Federal budget 2018: No more ABC fat to cut, Morris says
ABC news director Gaven Morris says any more funding cuts ‘cut into the muscle of the organisation’.
The ABC says there is “no more fat to cut” following the federal government’s announcement to slash $84 million in funding from the public broadcaster.
News director Gaven Morris has hit back at the three-year funding freeze announced in Tuesday’s federal budget, which maintains more than $1 billion a year for the broadcaster.
“Make no mistake, there is no more fat to cut at the ABC. Any more cuts to the ABC cut into the muscle of the organisation,” he told the Melbourne Press Club today.

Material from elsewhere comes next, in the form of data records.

lemma set_integral_atMost_exp_phiB:
  assumes "N \<ge> 1"
  shows "(LBINT z:{..u}. exp (- (1/2) * real N * z^2) * phiB z) =
           4 ^ N / sqrt 2 * (LBINT t=0..t_of_zeta u. t ^ (N - 1) * (1 - t) ^ (N - 1))"
proof -
  define B where "B = (\<lambda>s::real. LBINT t=0..s. t ^ (N - 1) * (1 - t) ^ (N - 1))"
  define F where "F = (\<lambda>z. 4 ^ N / sqrt 2 * B (t_of_zeta z))"
  have B_deriv: "(B has_real_derivative s ^ (N - 1) * (1 - s) ^ (N - 1)) (at s)" for s
    using interval_integral_has_real_derivative[of "\<lambda>t. t ^ (N - 1) * (1 - t) ^ (N - 1)" 0 s]
    by (simp add: B_def zero_ereal_def continuous_intros)
  have "(LBINT z:{..u}. exp (- (1/2) * real N * z^2) * phiB z) = F u - 0"
  proof (rule set_integral_atMost_FTC)
    show "isCont F z" for z
      unfolding F_def
      by (intro continuous_intros isCont_o2[OF isCont_t_of_zeta DERIV_isCont[OF B_deriv]])
    have "((\<lambda>z. B (t_of_zeta z)) \<longlongrightarrow> B 0) at_bot"
      by (rule isCont_tendsto_compose[OF DERIV_isCont[OF B_deriv] t_of_zeta_at_bot])
    moreover have "B 0 = 0"
      by (simp add: B_def zero_ereal_def)
    ultimately show "(F \<longlongrightarrow> 0) at_bot"
      unfolding F_def using tendsto_mult_left[of _ 0 at_bot "4 ^ N / sqrt 2"] by simp
    show "(F has_real_derivative exp (- (1/2) * real N * z^2) * phiB z) (at z)" if "z \<noteq> 0" for z
    proof -
      define e where "e = exp (- (z^2 / 2))"
      define P where "P = t_of_zeta z ^ (N - 1) * (1 - t_of_zeta z) ^ (N - 1)"
      have deriv: "(F has_real_derivative 4 ^ N / sqrt 2 * (P * (e * phiB z / (2 * sqrt 2)))) (at z)"
        unfolding F_def P_def e_def
        by (intro DERIV_cmult DERIV_chain2[OF B_deriv t_of_zeta_has_real_derivative[OF that]])
      have "P = (e / 4) ^ (N - 1)"
        by (simp add: P_def e_def t_of_zeta_mult_one_minus power_mult_distrib[symmetric])
      have "4 ^ N / sqrt 2 * (P * (e * phiB z / (2 * sqrt 2))) =
              4 ^ N / (2 * (sqrt 2 * sqrt 2)) * (P * e * phiB z)"
        by (simp only: times_divide_eq_right times_divide_eq_left divide_divide_eq_left mult_ac)
      also have "\<dots> = 4 ^ N / 4 * ((e / 4) ^ (N - 1) * e * phiB z)"
        by (simp add: \<open>P = (e / 4) ^ (N - 1)\<close>)
      also have "\<dots> = e ^ N * phiB z"
        using assms by (cases N) (simp_all add: power_divide)
      also have "\<dots> = exp (- (1/2) * real N * z^2) * phiB z"
        unfolding e_def exp_of_nat_mult[symmetric] by (simp add: algebra_simps)
      finally have val: "4 ^ N / sqrt 2 * (P * (e * phiB z / (2 * sqrt 2))) =
                           exp (- (1/2) * real N * z^2) * phiB z" .
      show ?thesis
        using deriv unfolding val .
    qed
    show "isCont (\<lambda>z. exp (- (1/2) * real N * z^2) * phiB z) z" if "z \<noteq> 0" for z
      using isCont_phiB[OF that] by (intro continuous_intros)
    show "0 \<le> exp (- (1/2) * real N * z^2) * phiB z" for z
      by (simp add: phiB_nonneg)
  qed
  then show ?thesis
    by (simp add: F_def B_def)
qed

lemma inverse_Beta_diag_eq_PhiB:
  assumes "N \<ge> 1"
  shows "1 / Beta (real N) (real N) = sqrt (real N / (2 * pi)) * PhiB N * (4 ^ N / sqrt 2)"
proof -
  have "sqrt (real N / (2 * pi)) * PhiB N * (4 ^ N / sqrt 2) =
          4 ^ N * Gamma (real N + 1/2) / (2 * sqrt pi * Gamma (real N))"
    using assms by (simp add: PhiB_def real_sqrt_divide real_sqrt_mult field_simps)
  also have "\<dots> = 1 / Beta (real N) (real N)"
    using assms inverse_Beta_diag[of "real N"] by (simp add: powr_realpow)
  finally show ?thesis ..
qed

theorem mainTheorem3:
  fixes N :: nat and y :: real
  assumes "N \<ge> 1" and "0 < y" and "y < 1"
  shows "inc_beta_reg (1 - y) (real N) (real N) =
           sqrt (real N / (2 * pi)) * PhiB N *
           (LBINT z:{..etaB y}. exp (- (1/2) * real N * z^2) * phiB z)"
proof -
  let ?I = "LBINT t=0..1 - y. t ^ (N - 1) * (1 - t) ^ (N - 1)"
  have "inc_beta_reg (1 - y) (real N) (real N) = ?I * (1 / Beta (real N) (real N))"
    using assms inc_beta_reg_of_nat[of N N "1 - y"] by simp
  also have "\<dots> = sqrt (real N / (2 * pi)) * PhiB N * (4 ^ N / sqrt 2 * ?I)"
    using inverse_Beta_diag_eq_PhiB[OF assms(1)] by simp
  also have "4 ^ N / sqrt 2 * ?I = (LBINT z:{..etaB y}. exp (- (1/2) * real N * z^2) * phiB z)"
    using set_integral_atMost_exp_phiB[OF assms(1)] t_of_zeta_etaB[OF assms(2,3)] by simp
  finally show ?thesis .
qed

end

The latest move comes on top of about $254 million in efficiency savings and cuts over several years, Mr Morris said.
Only about four per cent of the overall budget went to back office and overhead costs, he added.
“We’re as efficient as we’ve ever been,” he said. “We’re the most minutely scrutinised media organisation in Australia.”
When asked about potential job cuts, the news director declined to go into detail.
“$84 million over three years, there is simply no way we can achieve that without looking at content creation and certainly looking at jobs within the organisation,” Mr Morris said.
“A lot can happen between now and the middle of 2019, including a conversation with the government around a triennial funding submission (for 2019-2022).”
Finance Minister Mathias Cormann earlier said the funding freeze was “effectively equivalent to the efficiency dividend that applies to nearly all other government taxpayer-funded organisations”.
But opposition leader Bill Shorten accused the Coalition of cutting the ABC’s funding because the broadcaster was one of “the pet hates of the right wing of the Liberal Party”.